© JUNGE FREIHEIT Verlag GmbH & Co.  www.jungefreiheit.de    23/97  30. Mai 1997

 
 
Gerechtigkeit für Wehner
Lockerungsübungen
von Karl Heinzen

Am 9. November 1989 wurden Jahrzehnte mühevoller Deutschlandpolitiker mit einem Federstrich zunichte gemacht. Was Adenauer in sicherer Ferne wußte und daher ruhig fordern durfte, was Brandt und Schmidt aus der Gediegenheit der 70er Jahre bespöttelten und Helmut Kohl als Vollender ihrer Politik ins Reich der ungemütlichen Träume verwiesen, wurde an diesem Abend durch ein schüchternes Daherstammeln von Günter Schabowski auf den Weg gebracht: die deutsche Einheit. Der Deutsche Bundestag erhob sich ob dieser Meldung spontan und sang sich die Überraschung mit der Nationalhymne von der Seele. Dieses Singspiel war weniger ein Akt des Exorzismus als eine Kapitulation: Alle Versuche, den Frieden durch die Aufrechterhaltung des alten Status quo zu wahren, wurden an diesem Abend begraben. Seither wahrt man ihn durch die Aufrechterhaltung eines neuen Status quo.

Die Bundesrepublik hat diese schwerste Krise ihrer Geschichte glänzend überstanden. Bog man vor 1989 das vorgebliche Staatsziel der Wiedervereinigung so hin, daß die jeweils aktuelle Politik stets paßte, so legt man sich heute die Interpretation der einstigen Politik so zurecht, daß sie stets in das Faktum der Einheit mündet, ja münden mußte. Das Ergebnis ist bestechend: Wer gegen die Einheit war, behielt recht, auch als diese nicht mehr zu verhindern war. Eine Beschädigung der politischen Kultur unseres Landes wurde dadurch abgewendet, ein Stück Nachkriegszeit in die neue Ära gerettet. Einzig die PDS steht ein wenig schlechter da als einst die SED: Sie wird nicht mehr von gleich zu gleich behandelt. Aber auch dies ist ungleich besser, als für diesen für sie schlimmsten denkbaren Fall zu befürchten war.

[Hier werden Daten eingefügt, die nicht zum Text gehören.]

lemma DERIV_ln_probit_lik_line:
  "((\<lambda>t. ln (probit_lik y (a + t * c))) has_real_derivative (c * probit_score y a)) (at 0)"
proof -
  have line: "((\<lambda>t. a + t * c) has_real_derivative c) (at 0)"
    by (auto intro!: derivative_eq_intros)
  have "((\<lambda>t. probit_lik y (a + t * c)) has_real_derivative (probit_lik y a * probit_score y a * c)) (at 0)"
    using DERIV_chain2[OF _ line, of "probit_lik y"] DERIV_probit_lik[of y a] by simp
  then have "((\<lambda>t. ln (probit_lik y (a + t * c))) has_real_derivative
      (1 / probit_lik y (a + 0 * c) * (probit_lik y a * probit_score y a * c))) (at 0)"
    by (rule DERIV_ln_divide[THEN DERIV_chain2, rotated]) (simp add: probit_lik_pos)
  then show ?thesis
    using probit_lik_pos[of y a] by (simp add: field_simps)
qed

lemma tn_density_measurable [measurable]: "tn_density \<theta> y \<in> borel_measurable borel"
  unfolding tn_density_def[abs_def] by measurable

lemma tn_density_nonneg: "0 \<le> tn_density \<theta> y z"
  using Phi_pos[of \<theta>] Phi_less_one[of \<theta>] by (simp add: tn_density_def)

lemma tn_density_eq_indicator:
  "tn_density \<theta> y z = indicator (if y = 1 then {0<..} else {..<0}) z * normal_density \<theta> 1 z / probit_lik y \<theta>"
  by (simp add: tn_density_def probit_lik_def indicator_def)
(* Let $L_{7,2}\oplus L_1$ be the eight-dimensional real Lie algebra with basis $X_1,\dots,X_8$ whose only nonzero brackets (for $i<j$, $[X_i,X_j]=\sum_kC_{ij}^kX_k$) are $C_{23}^1=1,C_{12}^3=1,C_{13}^2=-1,C_{14}^7=\tfrac12,C_{15}^6=\tfrac12,C_{16}^5=-\tfrac12,C_{17}^4=-\tfrac12,C_{24}^5=\tfrac12,C_{25}^4=-\tfrac12,C_{26}^7=\tfrac12,C_{27}^6=-\tfrac12,C_{34}^6=\tfrac12,C_{35}^7=-\tfrac12,C_{36}^4=-\tfrac12,C_{37}^5=\tfrac12$ (so $X_8$ is central), and let $L_{7,7}\oplus L_1$ be the eight-dimensional real Lie algebra with basis $X_1,\dots,X_8$ whose only nonzero brackets are $C_{12}^2=2,C_{13}^3=-2,C_{23}^1=1,C_{14}^4=1,C_{15}^5=-1,C_{25}^4=1,C_{27}^6=1,C_{34}^5=1,C_{16}^6=1,C_{17}^7=-1,C_{36}^7=1$ (so $X_8$ is central). Then $L_{7,2}\oplus L_1$ is a contraction of $\mathfrak{su}(3)$ and of $\mathfrak{su}(2,1)$, while $L_{7,7}\oplus L_1$ is a contraction of $\mathfrak{su}(2,1)$ and of $\mathfrak{sl}(3,\mathbb{R})$.
   Context: All Lie algebras are over $\mathbb{R}$. Unlisted brackets $[X_i,X_j]$, $i<j$, are zero; the others follow by antisymmetry. Contraction: for a Lie algebra $(V,[\cdot,\cdot])$ and nonsingular linear maps $\Phi_t$, $t\in[1,\infty)$, if $[X,Y]_\infty=\lim_{t\to\infty}\Phi_t^{-1}[\Phi_tX,\Phi_tY]$ exists for all $X,Y$, any Lie algebra isomorphic to $(V,[\cdot,\cdot]_\infty)$ is a contraction of $(V,[\cdot,\cdot])$. $\mathfrak{su}(3)$, $\mathfrak{su}(2,1)$, $\mathfrak{sl}(3,\mathbb{R})$ are the real forms of $\mathfrak{sl}(3,\mathbb{C})$. *)

theory Defs
  imports "HOL-Analysis.Analysis"
begin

Das Wohlgefühl der Repräsentanten unseres Volkes, mit sich selbst im Reinen zu sein, wird nun aber immer wieder durch Wahrheitsfanatiker beeinträchtigt, welche Tatsachen auf den Tisch legen, die zu unterstellen die damaligen Zeitgenossen aus gutem Grund dem Verdikt des Rechtsradikalismus aussetzte. War Herbert Wehner ein Agent – und sei es auch nur ein Einflußagent? Diese Fragestellung verkennt, daß Wehners Loyalität einer Vision und nicht der SPD oder der Bundesrepublik galt. Sie würdigt nicht seine geistige Unabhänigkeit, die DDR nicht durch die Denkschablonen des Kalten Krieges, jedenfalls nicht die Denkschablonen des Westens zu sehen. Und sie mißachtet sein sensibles Gespür dafür, was den Westdeutschen zugemutet werden durfte. Die Union konnte in ihrer eigenen Konspiration mit der SED gar nicht anders, als in seine Fußstapfen zu treten. Schon 1975 klärte Walter Leisler Kiep den SED-Deutschlandpolitiker Häber darüber auf, daß ein Unterschied in den Erklärungen der CDU und ihrer praktischen Politik unvermeidlich sei. Auch insofern steht die neue Bundesrepublik in bewährter Kontinuität zur alten.